▸ Exercise requirements: Please give back word for word the lines below, from the first one through the one with "being on the left.\<close>".

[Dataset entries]

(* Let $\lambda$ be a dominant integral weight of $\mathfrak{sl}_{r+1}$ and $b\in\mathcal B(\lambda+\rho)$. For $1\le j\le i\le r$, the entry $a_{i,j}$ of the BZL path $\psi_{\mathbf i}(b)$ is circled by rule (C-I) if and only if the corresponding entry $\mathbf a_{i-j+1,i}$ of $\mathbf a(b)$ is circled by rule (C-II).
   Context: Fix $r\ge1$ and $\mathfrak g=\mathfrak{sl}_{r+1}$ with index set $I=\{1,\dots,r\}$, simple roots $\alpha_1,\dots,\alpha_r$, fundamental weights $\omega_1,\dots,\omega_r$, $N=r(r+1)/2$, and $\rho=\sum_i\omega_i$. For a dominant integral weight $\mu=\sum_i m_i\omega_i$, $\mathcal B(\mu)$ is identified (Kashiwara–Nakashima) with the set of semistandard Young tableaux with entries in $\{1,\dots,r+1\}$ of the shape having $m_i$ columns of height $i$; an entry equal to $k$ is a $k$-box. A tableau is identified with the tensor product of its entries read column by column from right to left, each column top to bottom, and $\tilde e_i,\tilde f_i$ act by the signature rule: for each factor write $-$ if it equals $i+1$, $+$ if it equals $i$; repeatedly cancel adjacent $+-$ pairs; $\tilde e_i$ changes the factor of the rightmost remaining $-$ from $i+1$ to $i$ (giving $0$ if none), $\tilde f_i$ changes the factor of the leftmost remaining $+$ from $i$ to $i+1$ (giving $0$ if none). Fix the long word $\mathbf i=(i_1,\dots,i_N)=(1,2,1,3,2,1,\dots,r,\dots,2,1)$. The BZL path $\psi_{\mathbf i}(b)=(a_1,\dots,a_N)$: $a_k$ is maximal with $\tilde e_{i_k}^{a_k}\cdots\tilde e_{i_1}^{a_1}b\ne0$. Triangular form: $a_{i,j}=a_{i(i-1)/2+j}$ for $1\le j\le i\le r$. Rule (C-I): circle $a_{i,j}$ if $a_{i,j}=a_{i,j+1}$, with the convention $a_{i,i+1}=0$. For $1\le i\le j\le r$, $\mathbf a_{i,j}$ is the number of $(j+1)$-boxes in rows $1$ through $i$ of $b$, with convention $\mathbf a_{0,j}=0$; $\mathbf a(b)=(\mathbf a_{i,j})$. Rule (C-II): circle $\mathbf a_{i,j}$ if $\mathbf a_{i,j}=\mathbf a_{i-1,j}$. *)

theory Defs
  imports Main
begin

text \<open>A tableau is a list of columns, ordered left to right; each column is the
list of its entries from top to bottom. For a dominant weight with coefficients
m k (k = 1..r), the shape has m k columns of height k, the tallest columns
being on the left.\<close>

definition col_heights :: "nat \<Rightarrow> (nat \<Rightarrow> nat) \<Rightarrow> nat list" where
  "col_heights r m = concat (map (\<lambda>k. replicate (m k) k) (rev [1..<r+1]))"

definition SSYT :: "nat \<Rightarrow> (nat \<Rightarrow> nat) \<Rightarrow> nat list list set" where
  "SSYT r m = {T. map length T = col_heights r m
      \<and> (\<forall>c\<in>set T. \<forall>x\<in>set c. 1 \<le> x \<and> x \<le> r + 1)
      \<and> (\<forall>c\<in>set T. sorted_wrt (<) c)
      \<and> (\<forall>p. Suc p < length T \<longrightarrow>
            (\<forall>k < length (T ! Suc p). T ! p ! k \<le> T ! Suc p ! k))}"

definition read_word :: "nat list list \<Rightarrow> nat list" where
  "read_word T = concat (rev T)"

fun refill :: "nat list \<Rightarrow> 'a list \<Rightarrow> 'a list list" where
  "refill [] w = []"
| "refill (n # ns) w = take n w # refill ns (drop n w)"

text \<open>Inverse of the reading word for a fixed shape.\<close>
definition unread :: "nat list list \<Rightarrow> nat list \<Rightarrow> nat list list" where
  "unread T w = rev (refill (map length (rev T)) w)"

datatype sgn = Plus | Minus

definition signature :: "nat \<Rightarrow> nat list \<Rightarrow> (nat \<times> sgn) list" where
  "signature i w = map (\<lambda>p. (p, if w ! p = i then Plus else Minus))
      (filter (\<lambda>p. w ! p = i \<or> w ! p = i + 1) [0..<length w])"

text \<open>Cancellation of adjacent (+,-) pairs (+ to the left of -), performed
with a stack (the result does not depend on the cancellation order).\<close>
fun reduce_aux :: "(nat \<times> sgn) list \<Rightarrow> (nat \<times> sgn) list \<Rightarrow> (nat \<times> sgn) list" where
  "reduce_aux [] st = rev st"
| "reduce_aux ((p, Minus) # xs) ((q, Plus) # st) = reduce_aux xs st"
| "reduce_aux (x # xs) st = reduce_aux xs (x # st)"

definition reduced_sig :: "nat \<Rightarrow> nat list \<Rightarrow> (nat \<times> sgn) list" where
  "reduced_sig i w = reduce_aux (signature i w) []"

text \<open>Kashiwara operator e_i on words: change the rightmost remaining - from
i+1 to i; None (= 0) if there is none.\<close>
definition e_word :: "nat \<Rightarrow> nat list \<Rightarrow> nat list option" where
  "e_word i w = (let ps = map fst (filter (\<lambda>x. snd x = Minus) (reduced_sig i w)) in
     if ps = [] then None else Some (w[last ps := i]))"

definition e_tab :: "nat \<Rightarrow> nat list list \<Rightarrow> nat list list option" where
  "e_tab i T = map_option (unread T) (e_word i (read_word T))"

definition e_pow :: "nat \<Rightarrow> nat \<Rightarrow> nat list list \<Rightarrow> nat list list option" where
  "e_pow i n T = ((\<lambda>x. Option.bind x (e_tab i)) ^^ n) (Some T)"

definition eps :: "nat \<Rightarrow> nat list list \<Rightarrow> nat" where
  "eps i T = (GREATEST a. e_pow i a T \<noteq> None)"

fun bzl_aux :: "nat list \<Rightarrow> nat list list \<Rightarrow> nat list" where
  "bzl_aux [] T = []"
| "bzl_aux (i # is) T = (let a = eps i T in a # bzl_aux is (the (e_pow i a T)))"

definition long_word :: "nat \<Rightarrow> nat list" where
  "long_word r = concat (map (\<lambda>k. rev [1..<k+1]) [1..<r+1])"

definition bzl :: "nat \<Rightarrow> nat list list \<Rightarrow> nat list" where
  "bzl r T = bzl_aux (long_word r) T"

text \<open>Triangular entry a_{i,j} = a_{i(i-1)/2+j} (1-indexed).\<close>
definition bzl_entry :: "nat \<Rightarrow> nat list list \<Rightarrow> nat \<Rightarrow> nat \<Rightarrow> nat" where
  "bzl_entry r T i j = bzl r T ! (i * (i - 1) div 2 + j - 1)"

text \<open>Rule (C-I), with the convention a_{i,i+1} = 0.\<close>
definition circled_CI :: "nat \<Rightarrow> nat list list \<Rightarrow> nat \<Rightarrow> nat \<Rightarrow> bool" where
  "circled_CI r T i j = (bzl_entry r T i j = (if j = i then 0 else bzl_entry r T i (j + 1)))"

▸ Problem solution:
(* Let $\lambda$ be a dominant integral weight of $\mathfrak{sl}_{r+1}$ and $b\in\mathcal B(\lambda+\rho)$. For $1\le j\le i\le r$, the entry $a_{i,j}$ of the BZL path $\psi_{\mathbf i}(b)$ is circled by rule (C-I) if and only if the corresponding entry $\mathbf a_{i-j+1,i}$ of $\mathbf a(b)$ is circled by rule (C-II).
   Context: Fix $r\ge1$ and $\mathfrak g=\mathfrak{sl}_{r+1}$ with index set $I=\{1,\dots,r\}$, simple roots $\alpha_1,\dots,\alpha_r$, fundamental weights $\omega_1,\dots,\omega_r$, $N=r(r+1)/2$, and $\rho=\sum_i\omega_i$. For a dominant integral weight $\mu=\sum_i m_i\omega_i$, $\mathcal B(\mu)$ is identified (Kashiwara–Nakashima) with the set of semistandard Young tableaux with entries in $\{1,\dots,r+1\}$ of the shape having $m_i$ columns of height $i$; an entry equal to $k$ is a $k$-box. A tableau is identified with the tensor product of its entries read column by column from right to left, each column top to bottom, and $\tilde e_i,\tilde f_i$ act by the signature rule: for each factor write $-$ if it equals $i+1$, $+$ if it equals $i$; repeatedly cancel adjacent $+-$ pairs; $\tilde e_i$ changes the factor of the rightmost remaining $-$ from $i+1$ to $i$ (giving $0$ if none), $\tilde f_i$ changes the factor of the leftmost remaining $+$ from $i$ to $i+1$ (giving $0$ if none). Fix the long word $\mathbf i=(i_1,\dots,i_N)=(1,2,1,3,2,1,\dots,r,\dots,2,1)$. The BZL path $\psi_{\mathbf i}(b)=(a_1,\dots,a_N)$: $a_k$ is maximal with $\tilde e_{i_k}^{a_k}\cdots\tilde e_{i_1}^{a_1}b\ne0$. Triangular form: $a_{i,j}=a_{i(i-1)/2+j}$ for $1\le j\le i\le r$. Rule (C-I): circle $a_{i,j}$ if $a_{i,j}=a_{i,j+1}$, with the convention $a_{i,i+1}=0$. For $1\le i\le j\le r$, $\mathbf a_{i,j}$ is the number of $(j+1)$-boxes in rows $1$ through $i$ of $b$, with convention $\mathbf a_{0,j}=0$; $\mathbf a(b)=(\mathbf a_{i,j})$. Rule (C-II): circle $\mathbf a_{i,j}$ if $\mathbf a_{i,j}=\mathbf a_{i-1,j}$. *)

theory Defs
  imports Main
begin

text \<open>A tableau is a list of columns, ordered left to right; each column is the
list of its entries from top to bottom. For a dominant weight with coefficients
m k (k = 1..r), the shape has m k columns of height k, the tallest columns
being on the left.\<close>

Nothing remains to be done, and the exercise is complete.